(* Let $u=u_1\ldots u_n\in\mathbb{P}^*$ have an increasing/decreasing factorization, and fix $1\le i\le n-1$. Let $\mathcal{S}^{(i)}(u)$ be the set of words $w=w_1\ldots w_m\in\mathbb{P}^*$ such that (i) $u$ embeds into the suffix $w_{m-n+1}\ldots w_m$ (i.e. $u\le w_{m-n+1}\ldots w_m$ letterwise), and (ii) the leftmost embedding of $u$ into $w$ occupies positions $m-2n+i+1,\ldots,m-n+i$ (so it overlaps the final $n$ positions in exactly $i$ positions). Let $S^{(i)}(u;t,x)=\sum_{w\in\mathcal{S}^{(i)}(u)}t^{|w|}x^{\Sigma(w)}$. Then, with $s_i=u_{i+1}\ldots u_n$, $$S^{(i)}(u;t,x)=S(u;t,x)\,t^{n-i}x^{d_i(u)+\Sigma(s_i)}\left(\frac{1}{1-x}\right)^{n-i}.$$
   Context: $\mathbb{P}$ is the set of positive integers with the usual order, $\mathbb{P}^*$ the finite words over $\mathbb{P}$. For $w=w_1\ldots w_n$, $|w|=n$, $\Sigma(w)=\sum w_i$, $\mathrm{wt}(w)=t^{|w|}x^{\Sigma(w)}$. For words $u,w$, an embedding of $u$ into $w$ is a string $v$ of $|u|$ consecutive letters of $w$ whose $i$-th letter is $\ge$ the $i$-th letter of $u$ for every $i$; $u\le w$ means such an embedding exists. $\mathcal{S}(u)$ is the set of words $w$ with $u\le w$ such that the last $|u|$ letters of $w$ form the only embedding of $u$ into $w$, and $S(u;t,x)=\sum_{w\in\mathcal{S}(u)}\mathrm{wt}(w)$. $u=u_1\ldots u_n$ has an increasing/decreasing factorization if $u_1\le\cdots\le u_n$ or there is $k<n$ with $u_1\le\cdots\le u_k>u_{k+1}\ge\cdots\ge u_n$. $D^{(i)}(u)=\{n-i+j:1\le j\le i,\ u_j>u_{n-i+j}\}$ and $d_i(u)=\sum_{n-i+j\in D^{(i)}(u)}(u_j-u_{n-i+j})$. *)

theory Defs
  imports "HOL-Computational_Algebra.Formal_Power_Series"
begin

---+---

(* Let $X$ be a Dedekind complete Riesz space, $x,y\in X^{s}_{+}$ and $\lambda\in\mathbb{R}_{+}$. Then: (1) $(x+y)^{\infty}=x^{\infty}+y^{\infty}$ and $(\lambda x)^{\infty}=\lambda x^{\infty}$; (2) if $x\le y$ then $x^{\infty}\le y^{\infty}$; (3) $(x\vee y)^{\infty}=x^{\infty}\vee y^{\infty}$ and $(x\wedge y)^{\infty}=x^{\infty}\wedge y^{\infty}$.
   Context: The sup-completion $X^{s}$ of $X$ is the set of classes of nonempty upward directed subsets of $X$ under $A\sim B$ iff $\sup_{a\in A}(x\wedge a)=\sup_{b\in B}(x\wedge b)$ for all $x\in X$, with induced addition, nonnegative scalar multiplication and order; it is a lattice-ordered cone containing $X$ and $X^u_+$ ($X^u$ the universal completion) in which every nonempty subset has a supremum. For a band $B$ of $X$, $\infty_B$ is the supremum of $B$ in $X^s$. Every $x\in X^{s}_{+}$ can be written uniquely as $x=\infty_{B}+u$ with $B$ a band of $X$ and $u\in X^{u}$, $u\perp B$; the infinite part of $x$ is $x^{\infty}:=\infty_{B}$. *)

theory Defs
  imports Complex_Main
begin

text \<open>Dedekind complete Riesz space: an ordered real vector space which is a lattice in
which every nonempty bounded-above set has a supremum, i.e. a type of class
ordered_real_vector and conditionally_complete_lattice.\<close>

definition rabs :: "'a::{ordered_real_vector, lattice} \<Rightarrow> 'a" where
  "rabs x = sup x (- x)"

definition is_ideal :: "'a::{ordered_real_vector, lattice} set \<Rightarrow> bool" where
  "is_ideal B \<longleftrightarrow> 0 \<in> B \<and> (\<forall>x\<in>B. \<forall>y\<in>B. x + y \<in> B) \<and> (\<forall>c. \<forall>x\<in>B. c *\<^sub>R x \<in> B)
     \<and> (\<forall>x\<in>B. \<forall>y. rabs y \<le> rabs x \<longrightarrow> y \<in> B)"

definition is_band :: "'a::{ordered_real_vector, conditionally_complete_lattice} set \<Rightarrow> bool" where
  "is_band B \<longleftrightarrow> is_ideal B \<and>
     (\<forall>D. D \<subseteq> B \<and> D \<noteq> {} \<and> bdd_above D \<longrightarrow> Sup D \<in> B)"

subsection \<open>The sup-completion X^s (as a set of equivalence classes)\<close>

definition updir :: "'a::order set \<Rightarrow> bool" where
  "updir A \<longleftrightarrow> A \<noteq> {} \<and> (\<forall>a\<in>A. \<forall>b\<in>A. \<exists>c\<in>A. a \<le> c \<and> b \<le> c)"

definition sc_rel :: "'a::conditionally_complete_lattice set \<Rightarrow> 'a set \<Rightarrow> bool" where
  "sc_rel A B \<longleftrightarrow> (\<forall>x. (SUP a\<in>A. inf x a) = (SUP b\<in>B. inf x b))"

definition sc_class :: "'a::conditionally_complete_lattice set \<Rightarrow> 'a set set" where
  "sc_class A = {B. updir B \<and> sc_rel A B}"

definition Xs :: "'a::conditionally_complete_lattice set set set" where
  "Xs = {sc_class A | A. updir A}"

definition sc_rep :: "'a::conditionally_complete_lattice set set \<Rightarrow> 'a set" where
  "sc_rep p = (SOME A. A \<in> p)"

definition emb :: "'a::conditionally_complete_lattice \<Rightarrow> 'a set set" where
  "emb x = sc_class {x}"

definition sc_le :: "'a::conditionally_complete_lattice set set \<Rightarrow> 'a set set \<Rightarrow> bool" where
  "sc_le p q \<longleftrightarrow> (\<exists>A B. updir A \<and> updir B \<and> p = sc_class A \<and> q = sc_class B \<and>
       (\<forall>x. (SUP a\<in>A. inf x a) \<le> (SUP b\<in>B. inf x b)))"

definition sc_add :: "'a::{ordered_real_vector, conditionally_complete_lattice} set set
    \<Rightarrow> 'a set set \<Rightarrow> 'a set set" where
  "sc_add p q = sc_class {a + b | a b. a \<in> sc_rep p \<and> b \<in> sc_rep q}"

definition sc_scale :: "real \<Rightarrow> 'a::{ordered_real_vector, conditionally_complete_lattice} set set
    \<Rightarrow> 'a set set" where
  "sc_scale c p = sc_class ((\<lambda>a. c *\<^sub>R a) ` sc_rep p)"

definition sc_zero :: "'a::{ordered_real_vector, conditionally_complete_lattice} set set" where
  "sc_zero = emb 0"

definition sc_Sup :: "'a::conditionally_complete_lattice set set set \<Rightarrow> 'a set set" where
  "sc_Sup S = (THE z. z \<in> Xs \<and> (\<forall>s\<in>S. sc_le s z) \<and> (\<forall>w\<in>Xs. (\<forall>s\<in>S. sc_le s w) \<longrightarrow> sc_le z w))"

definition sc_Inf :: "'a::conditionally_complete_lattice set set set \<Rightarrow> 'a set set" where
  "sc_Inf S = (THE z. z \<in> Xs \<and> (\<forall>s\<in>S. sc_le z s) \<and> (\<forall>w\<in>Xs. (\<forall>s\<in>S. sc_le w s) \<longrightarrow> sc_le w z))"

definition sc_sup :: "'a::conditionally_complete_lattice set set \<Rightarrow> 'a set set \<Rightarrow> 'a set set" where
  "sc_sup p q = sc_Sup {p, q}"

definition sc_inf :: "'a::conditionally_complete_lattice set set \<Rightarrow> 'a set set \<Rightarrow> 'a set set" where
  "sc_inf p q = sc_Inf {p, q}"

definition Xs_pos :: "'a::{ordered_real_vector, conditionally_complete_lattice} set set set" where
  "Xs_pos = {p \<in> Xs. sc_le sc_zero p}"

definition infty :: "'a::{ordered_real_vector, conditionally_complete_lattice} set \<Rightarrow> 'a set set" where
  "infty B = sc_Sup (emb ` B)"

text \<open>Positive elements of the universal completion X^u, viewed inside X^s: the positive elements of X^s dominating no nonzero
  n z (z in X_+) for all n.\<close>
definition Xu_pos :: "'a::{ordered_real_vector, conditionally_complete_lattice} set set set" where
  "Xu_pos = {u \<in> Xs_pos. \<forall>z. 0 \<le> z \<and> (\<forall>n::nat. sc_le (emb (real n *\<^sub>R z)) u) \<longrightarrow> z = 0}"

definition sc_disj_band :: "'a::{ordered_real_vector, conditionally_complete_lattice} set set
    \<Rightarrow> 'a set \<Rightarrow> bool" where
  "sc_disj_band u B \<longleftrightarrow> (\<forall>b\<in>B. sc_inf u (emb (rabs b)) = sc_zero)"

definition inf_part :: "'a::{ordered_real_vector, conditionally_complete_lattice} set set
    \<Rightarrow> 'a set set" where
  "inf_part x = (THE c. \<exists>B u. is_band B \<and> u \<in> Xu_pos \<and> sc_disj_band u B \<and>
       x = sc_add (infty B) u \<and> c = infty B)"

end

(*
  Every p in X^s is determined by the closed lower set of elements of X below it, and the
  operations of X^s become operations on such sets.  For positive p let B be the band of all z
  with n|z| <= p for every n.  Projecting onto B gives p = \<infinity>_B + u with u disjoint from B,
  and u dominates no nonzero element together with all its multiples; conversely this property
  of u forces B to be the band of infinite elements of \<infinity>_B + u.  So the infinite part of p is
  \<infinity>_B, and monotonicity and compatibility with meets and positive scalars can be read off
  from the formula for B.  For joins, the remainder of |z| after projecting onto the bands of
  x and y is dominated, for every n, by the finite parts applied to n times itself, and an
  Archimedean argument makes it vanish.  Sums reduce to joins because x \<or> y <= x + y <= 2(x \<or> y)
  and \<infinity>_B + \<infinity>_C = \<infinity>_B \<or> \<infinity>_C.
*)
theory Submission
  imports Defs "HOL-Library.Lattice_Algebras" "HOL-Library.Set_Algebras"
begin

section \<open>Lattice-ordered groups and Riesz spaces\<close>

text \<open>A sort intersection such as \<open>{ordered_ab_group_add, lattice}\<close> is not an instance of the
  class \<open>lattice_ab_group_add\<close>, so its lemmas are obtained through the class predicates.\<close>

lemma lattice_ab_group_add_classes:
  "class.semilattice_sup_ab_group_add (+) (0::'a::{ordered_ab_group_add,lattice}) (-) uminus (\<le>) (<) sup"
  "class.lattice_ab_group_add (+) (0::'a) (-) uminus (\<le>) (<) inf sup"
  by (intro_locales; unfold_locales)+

---+---

__Problem statement__
Reading through the records above, report each line in which the string "factorization" is found.

__Response box__
(* Let $u=u_1\ldots u_n\in\mathbb{P}^*$ have an increasing/decreasing factorization, and fix $1\le i\le n-1$. Let $\mathcal{S}^{(i)}(u)$ be the set of words $w=w_1\ldots w_m\in\mathbb{P}^*$ such that (i) $u$ embeds into the suffix $w_{m-n+1}\ldots w_m$ (i.e. $u\le w_{m-n+1}\ldots w_m$ letterwise), and (ii) the leftmost embedding of $u$ into $w$ occupies positions $m-2n+i+1,\ldots,m-n+i$ (so it overlaps the final $n$ positions in exactly $i$ positions). Let $S^{(i)}(u;t,x)=\sum_{w\in\mathcal{S}^{(i)}(u)}t^{|w|}x^{\Sigma(w)}$. Then, with $s_i=u_{i+1}\ldots u_n$, $$S^{(i)}(u;t,x)=S(u;t,x)\,t^{n-i}x^{d_i(u)+\Sigma(s_i)}\left(\frac{1}{1-x}\right)^{n-i}.$$
   Context: $\mathbb{P}$ is the set of positive integers with the usual order, $\mathbb{P}^*$ the finite words over $\mathbb{P}$. For $w=w_1\ldots w_n$, $|w|=n$, $\Sigma(w)=\sum w_i$, $\mathrm{wt}(w)=t^{|w|}x^{\Sigma(w)}$. For words $u,w$, an embedding of $u$ into $w$ is a string $v$ of $|u|$ consecutive letters of $w$ whose $i$-th letter is $\ge$ the $i$-th letter of $u$ for every $i$; $u\le w$ means such an embedding exists. $\mathcal{S}(u)$ is the set of words $w$ with $u\le w$ such that the last $|u|$ letters of $w$ form the only embedding of $u$ into $w$, and $S(u;t,x)=\sum_{w\in\mathcal{S}(u)}\mathrm{wt}(w)$. $u=u_1\ldots u_n$ has an increasing/decreasing factorization if $u_1\le\cdots\le u_n$ or there is $k<n$ with $u_1\le\cdots\le u_k>u_{k+1}\ge\cdots\ge u_n$. $D^{(i)}(u)=\{n-i+j:1\le j\le i,\ u_j>u_{n-i+j}\}$ and $d_i(u)=\sum_{n-i+j\in D^{(i)}(u)}(u_j-u_{n-i+j})$. *)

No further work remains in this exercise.